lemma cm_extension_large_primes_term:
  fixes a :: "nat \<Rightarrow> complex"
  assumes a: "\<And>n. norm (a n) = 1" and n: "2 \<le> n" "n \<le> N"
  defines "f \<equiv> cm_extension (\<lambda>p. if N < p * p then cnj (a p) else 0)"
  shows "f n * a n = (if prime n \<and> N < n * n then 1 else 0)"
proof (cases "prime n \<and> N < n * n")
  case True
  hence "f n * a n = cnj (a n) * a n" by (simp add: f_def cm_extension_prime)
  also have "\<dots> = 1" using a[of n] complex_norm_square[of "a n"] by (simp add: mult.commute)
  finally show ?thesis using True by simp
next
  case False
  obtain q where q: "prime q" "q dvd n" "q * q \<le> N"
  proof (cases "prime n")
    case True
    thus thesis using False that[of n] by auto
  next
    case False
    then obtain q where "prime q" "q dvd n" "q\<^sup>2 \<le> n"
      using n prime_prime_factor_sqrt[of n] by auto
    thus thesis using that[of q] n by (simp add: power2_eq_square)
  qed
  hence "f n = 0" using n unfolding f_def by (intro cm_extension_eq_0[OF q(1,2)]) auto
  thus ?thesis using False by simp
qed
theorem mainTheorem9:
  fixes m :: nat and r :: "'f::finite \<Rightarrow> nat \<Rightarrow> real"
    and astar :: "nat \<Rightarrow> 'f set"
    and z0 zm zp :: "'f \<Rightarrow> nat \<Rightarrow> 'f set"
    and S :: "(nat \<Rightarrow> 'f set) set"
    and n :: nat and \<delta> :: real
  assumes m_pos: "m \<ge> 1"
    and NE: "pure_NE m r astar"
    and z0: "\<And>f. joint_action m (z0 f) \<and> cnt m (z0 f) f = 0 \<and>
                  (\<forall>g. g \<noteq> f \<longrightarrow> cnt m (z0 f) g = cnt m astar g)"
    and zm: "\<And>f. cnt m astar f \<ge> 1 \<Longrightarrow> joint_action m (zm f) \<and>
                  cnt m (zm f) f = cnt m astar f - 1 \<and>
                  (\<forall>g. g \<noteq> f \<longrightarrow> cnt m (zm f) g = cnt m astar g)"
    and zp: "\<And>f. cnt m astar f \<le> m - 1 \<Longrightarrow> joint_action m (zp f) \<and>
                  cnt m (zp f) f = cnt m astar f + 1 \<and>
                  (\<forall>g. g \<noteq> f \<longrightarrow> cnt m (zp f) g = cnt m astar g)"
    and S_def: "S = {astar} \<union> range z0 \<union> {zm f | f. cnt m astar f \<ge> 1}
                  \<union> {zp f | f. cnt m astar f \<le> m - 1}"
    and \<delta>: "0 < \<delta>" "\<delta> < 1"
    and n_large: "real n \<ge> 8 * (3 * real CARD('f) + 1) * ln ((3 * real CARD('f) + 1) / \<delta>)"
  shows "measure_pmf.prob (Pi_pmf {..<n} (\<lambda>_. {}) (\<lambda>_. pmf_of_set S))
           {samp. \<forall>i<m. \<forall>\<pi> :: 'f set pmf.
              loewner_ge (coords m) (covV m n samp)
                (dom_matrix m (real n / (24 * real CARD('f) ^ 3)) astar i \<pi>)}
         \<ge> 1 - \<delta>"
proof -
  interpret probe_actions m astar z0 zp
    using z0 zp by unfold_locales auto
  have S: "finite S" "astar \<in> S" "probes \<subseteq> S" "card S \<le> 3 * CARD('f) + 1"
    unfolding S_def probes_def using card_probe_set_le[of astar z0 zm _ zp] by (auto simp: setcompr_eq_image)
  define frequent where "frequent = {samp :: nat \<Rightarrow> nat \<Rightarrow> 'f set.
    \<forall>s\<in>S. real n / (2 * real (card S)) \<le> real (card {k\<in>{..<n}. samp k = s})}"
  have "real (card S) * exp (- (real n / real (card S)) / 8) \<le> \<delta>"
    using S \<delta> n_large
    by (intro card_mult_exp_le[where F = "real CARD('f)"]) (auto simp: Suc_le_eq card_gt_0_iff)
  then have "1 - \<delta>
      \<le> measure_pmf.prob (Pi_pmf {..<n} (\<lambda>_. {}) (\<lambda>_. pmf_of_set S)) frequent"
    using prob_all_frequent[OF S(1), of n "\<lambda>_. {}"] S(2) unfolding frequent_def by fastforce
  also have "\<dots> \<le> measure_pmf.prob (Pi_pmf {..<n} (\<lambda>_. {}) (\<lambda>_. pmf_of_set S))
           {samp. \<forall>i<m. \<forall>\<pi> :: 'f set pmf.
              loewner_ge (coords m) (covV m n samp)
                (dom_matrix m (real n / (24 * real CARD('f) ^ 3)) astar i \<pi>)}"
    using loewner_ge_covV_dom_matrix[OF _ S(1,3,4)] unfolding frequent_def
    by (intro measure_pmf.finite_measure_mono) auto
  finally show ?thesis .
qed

## Task
Report every line of the material above in which "shows" appears.

## Written response
  shows "f n * a n = (if prime n \<and> N < n * n then 1 else 0)"
  shows "measure_pmf.prob (Pi_pmf {..<n} (\<lambda>_. {}) (\<lambda>_. pmf_of_set S))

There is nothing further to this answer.